theory Submission
  imports Defs
begin

text \<open>
  Write \<open>m\<^sub>i\<^sub>j(t) = q\<^sub>j\<^sub>i x\<^sub>j(t) / x\<^sub>i(t)\<close> for the rates of \<open>L(x)\<close>. The chain \<open>x\<close> conserves its
  mass, and irreducibility bounds it away from zero uniformly in time: along an edge \<open>k \<rightarrow> i\<close> one has
  \<open>x\<^sub>i(t + 1) \<ge> q\<^sub>k\<^sub>i e\<^bsup>q\<^sub>k\<^sub>k + q\<^sub>i\<^sub>i\<^esup> x\<^sub>k(t)\<close>, and chaining these estimates along paths shows that after a
  fixed delay every coordinate dominates a fixed fraction of the total mass. Hence all rates \<open>m\<^sub>i\<^sub>j\<close>
  are bounded, and \<open>m\<^sub>i\<^sub>k\<close> is bounded away from zero whenever \<open>q\<^sub>k\<^sub>i > 0\<close>. A barrier argument
  shows that the cube \<open>[0,1]\<^sup>n\<close> is invariant for \<open>p\<close>.

  If \<open>p\<^sub>i \<rightarrow> 0\<close> and \<open>q\<^sub>k\<^sub>i > 0\<close>, then \<open>p\<^sub>k \<rightarrow> 0\<close>: as \<open>p\<^sub>k\<close> grows at a bounded rate, a late value
  \<open>p\<^sub>k(t) \<ge> \<epsilon>\<close> keeps \<open>p\<^sub>k \<ge> \<epsilon>/2\<close> on a fixed interval before \<open>t\<close>, and the inflow \<open>m\<^sub>i\<^sub>k p\<^sub>k\<close> then
  raises \<open>p\<^sub>i\<close> by an amount incompatible with \<open>p\<^sub>i \<rightarrow> 0\<close>. Irreducibility carries the conclusion
  from one component to all of them.
\<close>

section \<open>Differential inequalities on the half line\<close>

lemma has_vector_derivative_vec_nth:
  fixes f :: "real \<Rightarrow> real^'n"
  assumes "(f has_vector_derivative f') F"
  shows "((\<lambda>t. f t $ i) has_real_derivative f' $ i) F"
  using bounded_linear.has_vector_derivative[OF bounded_linear_vec_nth assms]
  by (simp add: has_real_derivative_iff_has_vector_derivative)

lemma at_within_atLeast_0: "0 < t \<Longrightarrow> at t within {0..} = at (t::real)"
  by (rule at_within_open_subset[where S = "{0<..}"]) auto

lemma continuous_on_atLeast_0_of_deriv:
  fixes f f' :: "real \<Rightarrow> real"
  assumes "\<And>t. 0 \<le> t \<Longrightarrow> (f has_real_derivative f' t) (at t within {0..})"
  shows "continuous_on {0..} f"
  using assms by (metis atLeast_iff continuous_on_eq_continuous_within DERIV_continuous)

lemma increment_ge_of_deriv_ge:
  fixes f f' :: "real \<Rightarrow> real"
  assumes deriv: "\<And>t. 0 \<le> t \<Longrightarrow> (f has_real_derivative f' t) (at t within {0..})"
    and "0 \<le> a" "a \<le> b" and bound: "\<And>t. a < t \<Longrightarrow> t < b \<Longrightarrow> K \<le> f' t"
  shows "K * (b - a) \<le> f b - f a"
proof -
  have "f a - K * a \<le> f b - K * b"
  proof (rule DERIV_nonneg_imp_increasing_open[OF \<open>a \<le> b\<close>])
    fix t assume t: "a < t" "t < b"
    then have "(f has_real_derivative f' t) (at t)"
      using deriv[of t] at_within_atLeast_0[of t] \<open>0 \<le> a\<close> by simp
    then show "\<exists>y. ((\<lambda>t. f t - K * t) has_real_derivative y) (at t) \<and> 0 \<le> y"
      using bound[OF t] by (intro exI[of _ "f' t - K"]) (auto intro!: derivative_eq_intros)
  next
    show "continuous_on {a..b} (\<lambda>t. f t - K * t)"
      using continuous_on_atLeast_0_of_deriv[OF deriv] \<open>0 \<le> a\<close>
      by (auto intro!: continuous_intros elim: continuous_on_subset)
  qed
  then show ?thesis by (simp add: algebra_simps)
qed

= WHAT IS BEING ASKED =
Return exactly, and only, the lines above starting at the line that contains "shows that the" and ending at the line that contains "If \<open>p\<^sub>i \<rightarrow>".

= EXERCISE SOLUTION =
  shows that the cube \<open>[0,1]\<^sup>n\<close> is invariant for \<open>p\<close>.

  If \<open>p\<^sub>i \<rightarrow> 0\<close> and \<open>q\<^sub>k\<^sub>i > 0\<close>, then \<open>p\<^sub>k \<rightarrow> 0\<close>: as \<open>p\<^sub>k\<close> grows at a bounded rate, a late value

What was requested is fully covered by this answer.